在船上的最后一天,他们强迫我们跪在烈日下,跪在滚烫的甲板上,背景里放着以色列国歌。不是一次,而是二十多次。

在阿什杜德港,更多警察已经在那里等着我们。他们拽着手铐,把我们反绑着带到一顶小帐篷里,再次搜身,并继续殴打。

其中一名活动人士被强迫站起来四次,每次刚站起就又被踢倒在地。另一名比利时船长曾在自己的船上写下“地上和平”,他的肋骨已经骨折,却仍继续遭到殴打。抵达土耳其后,他不得不住院治疗。
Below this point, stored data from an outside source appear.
(* Let $n$ be a positive integer and let $G$ be a finite simple graph which is gap-free and $n$-claw-free. Then $\operatorname{reg}(I(G))\leq n$. *)

theory Defs
  imports Main "HOL-Library.Poly_Mapping" "HOL-Library.Function_Algebras" "HOL-Library.Extended_Real"
begin

text \<open>A finite simple graph: vertex set = UNIV of a finite type 'v, edges given by a
symmetric irreflexive relation E.\<close>

definition simple_graph :: "('v \<Rightarrow> 'v \<Rightarrow> bool) \<Rightarrow> bool" where
  "simple_graph E \<longleftrightarrow> (\<forall>u v. E u v \<longrightarrow> E v u) \<and> (\<forall>v. \<not> E v v)"

text \<open>Gap-free: G has no induced subgraph 2K2, i.e. any two edges with four distinct
endpoints are joined by an edge.\<close>
definition gap_free :: "('v \<Rightarrow> 'v \<Rightarrow> bool) \<Rightarrow> bool" where
  "gap_free E \<longleftrightarrow> (\<forall>a b c d. E a b \<and> E c d \<and> {a, b} \<inter> {c, d} = {} \<longrightarrow>
      E a c \<or> E a d \<or> E b c \<or> E b d)"

text \<open>n-claw-free: G has no induced subgraph isomorphic to the n-claw K_{1,n}, i.e. no
vertex has n pairwise non-adjacent neighbours.\<close>
definition claw_free :: "nat \<Rightarrow> ('v \<Rightarrow> 'v \<Rightarrow> bool) \<Rightarrow> bool" where
  "claw_free n E \<longleftrightarrow> \<not> (\<exists>v S. finite S \<and> card S = n \<and> (\<forall>s\<in>S. E v s) \<and>
      (\<forall>s\<in>S. \<forall>t\<in>S. \<not> E s t))"

type_synonym ('v, 'k) mpoly = "('v \<Rightarrow>\<^sub>0 nat) \<Rightarrow>\<^sub>0 'k"

definition Var :: "'v \<Rightarrow> ('v, 'k::comm_ring_1) mpoly" where
  "Var v = Poly_Mapping.single (Poly_Mapping.single v 1) 1"

definition mon_deg :: "('v \<Rightarrow>\<^sub>0 nat) \<Rightarrow> nat" where
  "mon_deg m = (\<Sum>v\<in>Poly_Mapping.keys m. Poly_Mapping.lookup m v)"

text \<open>Homogeneous of (integer) degree d; the zero polynomial is homogeneous of every degree.\<close>
definition homogeneous :: "int \<Rightarrow> ('v, 'k::zero) mpoly \<Rightarrow> bool" where
  "homogeneous d p \<longleftrightarrow> (\<forall>m\<in>Poly_Mapping.keys p. int (mon_deg m) = d)"

text \<open>Edge ideal I(G) = (x_u x_v : uv edge); since the vertex set is finite this is the
set of all combinations of the generators with polynomial coefficients.\<close>
definition edge_ideal :: "('v::finite \<Rightarrow> 'v \<Rightarrow> bool) \<Rightarrow> ('v, 'k::comm_ring_1) mpoly set" where
  "edge_ideal E = {p. \<exists>c. p = (\<Sum>e\<in>{(u, v). E u v}. c e * Var (fst e) * Var (snd e))}"

text \<open>beta_{i,j}(I) = dim_k Tor_i(I, k)_j, computed as the homology of I tensored with the
Koszul complex on the variables.  A chain of homological degree i is a function
c : 'v set => polynomial, with c S the coefficient of e_S (|S| = i).\<close>

definition vorder :: "'v::finite \<Rightarrow> nat" where
  "vorder = (SOME f. inj f)"

definition ksign :: "'v::finite \<Rightarrow> 'v set \<Rightarrow> 'k::comm_ring_1" where
  "ksign s S = (- 1) ^ card {t\<in>S. vorder t < vorder s}"

text \<open>Koszul differential d(f e_S) = sum over s in S of sign * x_s f e_{S - s}.\<close>
definition koszul_d :: "('v::finite set \<Rightarrow> ('v, 'k::comm_ring_1) mpoly) \<Rightarrow> ('v set \<Rightarrow> ('v, 'k) mpoly)" where
  "koszul_d c = (\<lambda>T. \<Sum>s\<in>UNIV - T. Poly_Mapping.single 0 (ksign s (insert s T)) * Var s * c (insert s T))"

text \<open>Degree-j part of the i-th chain module of I (x) K(x): elements f e_S with |S| = i,
f in I homogeneous of degree j - i.\<close>
definition koszul_chains :: "('v::finite, 'k::comm_ring_1) mpoly set \<Rightarrow> nat \<Rightarrow> int \<Rightarrow> ('v set \<Rightarrow> ('v, 'k) mpoly) set" where
  "koszul_chains I i j = {c. \<forall>S. c S \<noteq> 0 \<longrightarrow> card S = i \<and> c S \<in> I \<and> homogeneous (j - int i) (c S)}"

definition kscale :: "'k::field \<Rightarrow> ('v set \<Rightarrow> ('v, 'k) mpoly) \<Rightarrow> ('v set \<Rightarrow> ('v, 'k) mpoly)" where
  "kscale a c = (\<lambda>S. Poly_Mapping.map ((*) a) (c S))"

definition kdim :: "('v set \<Rightarrow> ('v, 'k::field) mpoly) set \<Rightarrow> nat" where
  "kdim = vector_space.dim kscale"

definition graded_betti :: "('v::finite, 'k::field) mpoly set \<Rightarrow> nat \<Rightarrow> int \<Rightarrow> nat" where
  "graded_betti I i j =
     kdim {c \<in> koszul_chains I i j. koszul_d c = (\<lambda>_. 0)} - kdim (koszul_d ` koszul_chains I (Suc i) j)"
theorem theorem3p6:
  assumes "is_frm2 D"
    and "wf_ms \<Gamma>" and "wf_ms \<Gamma>'" and "wf_ms \<Delta>" and "wf_ms \<Delta>'"
    and "deriv \<Gamma> (add_mset D \<Delta>)"
    and "deriv (add_mset D \<Gamma>') \<Delta>'"
  shows "deriv (\<Gamma> + \<Gamma>') (\<Delta> + \<Delta>')"
proof -
  have "deriv (\<Gamma> + \<Gamma>') (add_mset D (\<Delta> + \<Delta>'))"
    using deriv_weaken[OF assms(6,3,5)] by simp
  moreover have "deriv (add_mset D (\<Gamma> + \<Gamma>')) (\<Delta> + \<Delta>')"
    using deriv_weaken[OF assms(7,2,4)] by (simp add: add.commute)
  ultimately show ?thesis
    by (rule cut_admissible_onD[OF cut_admissible_on_all])
qed

end
lemma norm_eval_le:
  assumes "f \<in> HE lam beta"
  shows "cmod (f z) \<le> HE_norm lam beta f * sqrt (kernel_diag (Re z))"
proof -
  obtain a where a: "dirichlet_rep lam beta f a"
    using assms by (auto simp: HE_def)
  then have sq: "summable (\<lambda>n. (cmod (a n))\<^sup>2 * (beta n)\<^sup>2)"
    and f: "(\<lambda>n. a n * exp (- of_real (lam n) * z)) sums f z"
    by (auto simp: dirichlet_rep_def)
  have "cmod (f z) = norm (\<Sum>n. a n * exp (- of_real (lam n) * z))"
    using f by (simp add: sums_iff)
  also have "\<dots> \<le> (\<Sum>n. cmod (a n) * exp (- Re z * lam n))"
    by (rule norm_suminf_le[OF _ summable_coeff_exp[OF sq]])
      (simp add: norm_mult norm_exp_eq_Re mult.commute)
  also have "\<dots> \<le> HE_norm lam beta f * sqrt (kernel_diag (Re z))"
    using suminf_coeff_exp_le[OF sq] by (simp add: HE_norm_eq[OF a])
  finally show ?thesis .
qed

lemma monomial_in_HE: "(\<lambda>z. v * exp (- of_real (lam k) * z)) \<in> HE lam beta"
  using dirichlet_rep_monomial by (auto simp: HE_def)

lemma HE_norm_monomial: "HE_norm lam beta (\<lambda>z. v * exp (- of_real (lam k) * z)) = cmod v * beta k"
proof -
  have "(\<Sum>n. (cmod (if n = k then v else 0))\<^sup>2 * (beta n)\<^sup>2) = (cmod v * beta k)\<^sup>2"
    by (subst suminf_finite[of "{k}"]) (auto simp: power_mult_distrib)
  then show ?thesis
    unfolding HE_norm_eq[OF dirichlet_rep_monomial] using beta_pos[of k] by simp
qed

lemma const_in_HE: "(\<lambda>_. v) \<in> HE lam beta"
  using monomial_in_HE[of v 0] by (simp add: lam0)

lemma HE_norm_const: "HE_norm lam beta (\<lambda>_. v) = cmod v * beta 0"
  using HE_norm_monomial[of v 0] by (simp add: lam0)

lemma comp_op_norm_ge_1:
  assumes "comp_op_bounded lam beta \<phi>"
  shows "comp_op_norm lam beta \<phi> \<ge> 1"
proof -
  obtain M where M: "\<And>f. f \<in> HE lam beta \<Longrightarrow> HE_norm lam beta (f \<circ> \<phi>) \<le> M * HE_norm lam beta f"
    using assms by (auto simp: comp_op_bounded_def)
  define S where "S = {HE_norm lam beta (f \<circ> \<phi>) |f. f \<in> HE lam beta \<and> HE_norm lam beta f \<le> 1}"
  \<comment> \<open>Constants are fixed by every composition operator.\<close>
  define e where "e = (\<lambda>_::complex. complex_of_real (1 / beta 0))"
  have "e \<in> HE lam beta" "HE_norm lam beta e = 1" "e \<circ> \<phi> = e"
    using beta_pos[of 0] by (auto simp: e_def const_in_HE HE_norm_const norm_divide)
  then have "1 \<in> S"
    unfolding S_def by force
  moreover have "bdd_above S"
  proof (rule bdd_aboveI)
    fix y
    assume "y \<in> S"
    then obtain f where f: "f \<in> HE lam beta" "HE_norm lam beta f \<le> 1"
      and y: "y = HE_norm lam beta (f \<circ> \<phi>)"
      unfolding S_def by blast
    have "M * HE_norm lam beta f \<le> max M 0 * HE_norm lam beta f"
      using HE_norm_nonneg[OF f(1)] by (intro mult_right_mono) auto
    also have "\<dots> \<le> max M 0"
      using f(2) by (simp add: mult_left_le)
    finally show "y \<le> max M 0"
      using M[OF f(1)] y by simp
  qed
  ultimately show ?thesis
    unfolding comp_op_norm_def S_def[symmetric] by (rule cSup_upper)
qed

lemma comp_op_contraction:
  assumes closed: "\<And>f. f \<in> HE lam beta \<Longrightarrow> f \<circ> \<phi> \<in> HE lam beta"
    and contraction: "\<And>f. f \<in> HE lam beta \<Longrightarrow> HE_norm lam beta (f \<circ> \<phi>) \<le> HE_norm lam beta f"
  shows "comp_op_bounded lam beta \<phi>" and "comp_op_norm lam beta \<phi> = 1"
proof -
  show bounded: "comp_op_bounded lam beta \<phi>"
    using closed contraction by (auto simp: comp_op_bounded_def intro!: exI[of _ 1])
  have "comp_op_norm lam beta \<phi> \<le> 1"
    unfolding comp_op_norm_def
  proof (rule cSup_least)
    show "{HE_norm lam beta (f \<circ> \<phi>) |f. f \<in> HE lam beta \<and> HE_norm lam beta f \<le> 1} \<noteq> {}"
      using const_in_HE[of 0] HE_norm_const[of 0] by auto
  qed (use contraction in force)
  with comp_op_norm_ge_1[OF bounded] show "comp_op_norm lam beta \<phi> = 1"
    by simp
qed

lemma comp_op_bounded_const: "comp_op_bounded lam beta (\<lambda>_. c)"
  unfolding comp_op_bounded_def
proof (intro conjI ballI exI)
  fix f
  assume f: "f \<in> HE lam beta"
  show "f \<circ> (\<lambda>_. c) \<in> HE lam beta"
    using const_in_HE by (simp add: o_def)
  have "HE_norm lam beta (f \<circ> (\<lambda>_. c)) = cmod (f c) * beta 0"
    by (simp add: o_def HE_norm_const)
  also have "\<dots> \<le> HE_norm lam beta f * sqrt (kernel_diag (Re c)) * beta 0"
    using norm_eval_le[OF f] beta_pos[of 0] by (intro mult_right_mono) auto
  finally show "HE_norm lam beta (f \<circ> (\<lambda>_. c)) \<le> (beta 0 * sqrt (kernel_diag (Re c))) * HE_norm lam beta f"
    by (simp add: mult_ac)
qed

lemma weighted_coeff_translate_le:
  assumes "Re b \<ge> 0"
  shows "(cmod (v * exp (- of_real (lam n) * b)))\<^sup>2 * (beta n)\<^sup>2 \<le> (cmod v)\<^sup>2 * (beta n)\<^sup>2"
proof -
  have "exp (- lam n * Re b) \<le> 1"
    using lam_nonneg[of n] assms by simp
  then have "cmod (v * exp (- of_real (lam n) * b)) \<le> cmod v"
    by (simp add: norm_mult norm_exp_eq_Re mult_left_le)
  then show ?thesis
    by (intro mult_right_mono power_mono) simp_all
qed

lemma dirichlet_rep_translate:
  assumes a: "dirichlet_rep lam beta f a" and b: "Re b \<ge> 0"
  shows "dirichlet_rep lam beta (\<lambda>z. f (z + b)) (\<lambda>n. a n * exp (- of_real (lam n) * b))"
  unfolding dirichlet_rep_def
proof (intro conjI allI)
  have "summable (\<lambda>n. (cmod (a n))\<^sup>2 * (beta n)\<^sup>2)"
    using a by (simp add: dirichlet_rep_def)
  then show "summable (\<lambda>n. (cmod (a n * exp (- of_real (lam n) * b)))\<^sup>2 * (beta n)\<^sup>2)"
    by (rule summable_comparison_test') (use weighted_coeff_translate_le[OF b] in simp)
  fix z
  have "(\<lambda>n. a n * exp (- of_real (lam n) * (z + b))) sums f (z + b)"
    using a by (simp add: dirichlet_rep_def)
  then show "(\<lambda>n. a n * exp (- of_real (lam n) * b) * exp (- of_real (lam n) * z)) sums f (z + b)"
    by (simp add: distrib_left mult_exp_exp mult.assoc add.commute)
qed

lemma HE_norm_translate_le:
  assumes a: "dirichlet_rep lam beta f a" and b: "Re b \<ge> 0"
  shows "HE_norm lam beta (\<lambda>z. f (z + b)) \<le> HE_norm lam beta f"
proof -
  have "(\<Sum>n. (cmod (a n * exp (- of_real (lam n) * b)))\<^sup>2 * (beta n)\<^sup>2) \<le> (\<Sum>n. (cmod (a n))\<^sup>2 * (beta n)\<^sup>2)"
  proof (rule suminf_le)
    show "(cmod (a n * exp (- of_real (lam n) * b)))\<^sup>2 * (beta n)\<^sup>2 \<le> (cmod (a n))\<^sup>2 * (beta n)\<^sup>2" for n
      by (rule weighted_coeff_translate_le[OF b])
  qed (use a dirichlet_rep_translate[OF a b] in \<open>simp_all add: dirichlet_rep_def\<close>)
  then show ?thesis
    unfolding HE_norm_eq[OF a] HE_norm_eq[OF dirichlet_rep_translate[OF a b]] by simp
qed
(* Let $N\ge1$ and $n\ge N$ be integers and let $P(t_1,\dots,t_n)$ be a symmetric polynomial with complex coefficients such that $P(x,\dots,x,t_1,\dots,t_{n-N-1})=0$ identically, where $x$ is repeated $N+1$ times. Then the polynomial $P(x,\dots,x,t_1,\dots,t_{n-N})$ (with $x$ repeated $N$ times) is divisible by $\prod_{j=1}^{n-N}(t_j-x)^2$. *)

theory Defs
  imports Complex_Main "HOL-Library.Poly_Mapping" "HOL-Combinatorics.Permutations"
begin

text \<open>Multiplication is the convolution product from Poly_Mapping, so this type
  is the commutative ring of complex polynomials and dvd is polynomial divisibility.\<close>

type_synonym mpoly = "(nat \<Rightarrow>\<^sub>0 nat) \<Rightarrow>\<^sub>0 complex"

definition Var :: "nat \<Rightarrow> mpoly" where
  "Var i = Poly_Mapping.single (Poly_Mapping.single i 1) 1"

definition Const :: "complex \<Rightarrow> mpoly" where
  "Const c = Poly_Mapping.single 0 c"

definition subst :: "(nat \<Rightarrow> mpoly) \<Rightarrow> mpoly \<Rightarrow> mpoly" where
  "subst s p = (\<Sum>m\<in>Poly_Mapping.keys p.
      Const (Poly_Mapping.lookup p m) * (\<Prod>i\<in>Poly_Mapping.keys m. s i ^ Poly_Mapping.lookup m i))"

text \<open>p only involves the variables 0,...,n-1 (playing the role of t_1..t_n).\<close>
definition vars_below :: "nat \<Rightarrow> mpoly \<Rightarrow> bool" where
  "vars_below n p \<longleftrightarrow> (\<forall>m\<in>Poly_Mapping.keys p. Poly_Mapping.keys m \<subseteq> {..<n})"

definition symmetric_poly :: "nat \<Rightarrow> mpoly \<Rightarrow> bool" where
  "symmetric_poly n p \<longleftrightarrow>
     (\<forall>\<pi>. \<pi> permutes {..<n} \<longrightarrow> subst (\<lambda>i. Var (\<pi> i)) p = p)"

text \<open>The specialization P(x,...,x,t_1,...,t_{n-k}) with x repeated k times:
  in the result, x is variable 0 and t_j is variable j.  Original variable i<k
  goes to x, variable i\<ge>k goes to t_{i-k+1}.\<close>
definition specialize :: "nat \<Rightarrow> mpoly \<Rightarrow> mpoly" where
  "specialize k p = subst (\<lambda>i. if i < k then Var 0 else Var (i - k + 1)) p"

end

theory Submission imports Defs begin

text \<open>Put \<open>U = P(x,\<dots>,x, x + t\<^sub>N\<^sub>+\<^sub>1, \<dots>, x + t\<^sub>n)\<close>; the claim is that every monomial of
  \<open>U\<close> contains each \<open>t\<^sub>k\<close> at least squared, i.e. that \<open>U\<close> and \<open>\<partial>U/\<partial>t\<^sub>k\<close> vanish at
  \<open>t\<^sub>k = 0\<close>.  The first holds because \<open>U|\<^bsub>t\<^sub>k=0\<^esub>\<close> is, up to a permutation, the
  specialisation with \<open>N + 1\<close> copies of \<open>x\<close>.  For the second, \<open>\<partial>U/\<partial>t\<^sub>k\<close> is \<open>\<partial>\<^sub>kP\<close> at the
  shifted point.  Differentiating the vanishing specialisation with \<open>N + 1\<close> copies of
  \<open>x\<close> in \<open>x\<close> and in the remaining variables shows that \<open>\<sum>\<^sub>l \<partial>\<^sub>lP\<close> over the \<open>N + 1\<close>
  coordinates equal to \<open>x\<close> vanishes there; by symmetry these \<open>N + 1\<close> summands agree, so
  each of them vanishes in characteristic zero.\<close>

section \<open>Substitution\<close>

lemma Const_0 [simp]: "Const 0 = 0"
  by (simp add: Const_def)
以色列港口的土地泛着红色,空气里有硫黄味。我们在那里也被迫跪了好几个小时。“把头低下。”“这些人需要医生。”一些活动人士回应。“是你们自己选择来这里的。”警察这样回答。

后来我才知道,以色列国家安全部长当时也在那里羞辱这些活动人士,相关画面被拍进了一段视频。对许多活动人士来说,船队里有政界人士和记者在场目睹这一切,多少是一种安慰。因为总得有人作证。

等我终于被带到临时移民办公桌前时,一名女警把以色列蓝白相间的国旗摆在我面前。“你的国家很美,但我的国家肯定更美。”她对我说。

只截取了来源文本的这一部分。